*** Block opens ***

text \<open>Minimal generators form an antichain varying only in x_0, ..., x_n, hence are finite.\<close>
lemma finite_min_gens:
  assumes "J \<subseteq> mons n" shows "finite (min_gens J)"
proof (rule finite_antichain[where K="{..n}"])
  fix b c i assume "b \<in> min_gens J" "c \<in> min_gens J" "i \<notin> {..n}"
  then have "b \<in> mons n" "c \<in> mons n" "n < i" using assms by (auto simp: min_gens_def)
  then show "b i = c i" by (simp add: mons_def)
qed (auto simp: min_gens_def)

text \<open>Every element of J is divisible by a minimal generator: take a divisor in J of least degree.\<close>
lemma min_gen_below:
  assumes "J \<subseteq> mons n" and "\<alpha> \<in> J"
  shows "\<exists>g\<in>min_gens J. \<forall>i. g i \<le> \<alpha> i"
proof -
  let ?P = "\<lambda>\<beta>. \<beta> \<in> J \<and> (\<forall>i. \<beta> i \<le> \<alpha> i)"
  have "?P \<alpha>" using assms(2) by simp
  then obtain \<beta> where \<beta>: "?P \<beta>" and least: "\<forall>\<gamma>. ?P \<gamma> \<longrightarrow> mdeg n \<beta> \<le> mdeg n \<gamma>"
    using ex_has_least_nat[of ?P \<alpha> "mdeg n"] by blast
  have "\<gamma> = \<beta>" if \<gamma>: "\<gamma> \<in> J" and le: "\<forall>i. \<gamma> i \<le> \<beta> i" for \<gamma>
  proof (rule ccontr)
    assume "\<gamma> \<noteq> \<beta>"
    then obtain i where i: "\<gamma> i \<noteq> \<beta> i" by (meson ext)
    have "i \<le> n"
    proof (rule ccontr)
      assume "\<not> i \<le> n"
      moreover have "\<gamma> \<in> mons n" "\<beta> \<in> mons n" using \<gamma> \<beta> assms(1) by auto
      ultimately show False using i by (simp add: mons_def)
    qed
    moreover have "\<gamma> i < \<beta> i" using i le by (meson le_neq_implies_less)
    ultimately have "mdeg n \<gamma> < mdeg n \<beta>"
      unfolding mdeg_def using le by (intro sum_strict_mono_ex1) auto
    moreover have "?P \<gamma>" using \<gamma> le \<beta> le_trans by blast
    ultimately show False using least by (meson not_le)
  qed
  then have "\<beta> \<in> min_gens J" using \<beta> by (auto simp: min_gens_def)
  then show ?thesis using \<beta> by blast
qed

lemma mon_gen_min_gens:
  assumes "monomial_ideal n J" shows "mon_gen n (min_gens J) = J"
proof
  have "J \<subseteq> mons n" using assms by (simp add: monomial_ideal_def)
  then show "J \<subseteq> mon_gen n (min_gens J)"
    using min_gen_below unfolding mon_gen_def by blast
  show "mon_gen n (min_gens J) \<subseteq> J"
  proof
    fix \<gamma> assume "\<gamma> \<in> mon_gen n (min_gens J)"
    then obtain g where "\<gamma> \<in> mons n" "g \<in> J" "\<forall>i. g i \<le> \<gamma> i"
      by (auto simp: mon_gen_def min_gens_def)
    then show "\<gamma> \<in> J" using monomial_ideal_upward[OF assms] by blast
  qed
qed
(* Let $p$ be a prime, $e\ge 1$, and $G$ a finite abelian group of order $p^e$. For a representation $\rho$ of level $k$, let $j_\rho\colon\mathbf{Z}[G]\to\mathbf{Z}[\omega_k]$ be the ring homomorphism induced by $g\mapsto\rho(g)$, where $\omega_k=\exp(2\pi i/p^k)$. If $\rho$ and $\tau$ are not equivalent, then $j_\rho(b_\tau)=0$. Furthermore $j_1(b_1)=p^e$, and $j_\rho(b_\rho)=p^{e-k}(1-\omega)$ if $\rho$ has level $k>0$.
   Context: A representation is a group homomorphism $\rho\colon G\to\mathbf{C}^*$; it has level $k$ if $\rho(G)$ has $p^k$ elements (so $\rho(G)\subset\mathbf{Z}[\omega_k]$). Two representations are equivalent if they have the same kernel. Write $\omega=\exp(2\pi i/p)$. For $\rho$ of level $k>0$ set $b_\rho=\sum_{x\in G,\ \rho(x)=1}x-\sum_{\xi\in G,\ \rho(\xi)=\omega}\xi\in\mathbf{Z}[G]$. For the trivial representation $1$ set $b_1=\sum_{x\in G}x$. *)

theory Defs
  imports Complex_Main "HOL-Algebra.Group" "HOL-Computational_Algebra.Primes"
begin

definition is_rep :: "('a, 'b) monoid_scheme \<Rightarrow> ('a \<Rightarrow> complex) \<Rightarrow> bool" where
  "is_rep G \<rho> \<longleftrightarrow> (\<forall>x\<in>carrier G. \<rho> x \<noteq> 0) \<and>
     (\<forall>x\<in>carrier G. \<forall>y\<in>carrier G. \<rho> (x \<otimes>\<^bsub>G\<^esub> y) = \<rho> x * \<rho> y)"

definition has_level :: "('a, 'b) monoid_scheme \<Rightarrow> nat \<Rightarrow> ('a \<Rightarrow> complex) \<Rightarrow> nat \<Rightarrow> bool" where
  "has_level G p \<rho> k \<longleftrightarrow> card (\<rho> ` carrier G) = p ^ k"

*** Block closes ***

### What the exercise asks
Your reply should be a single number: how many lines in the listing above include the string "definition".

### Output of the task
2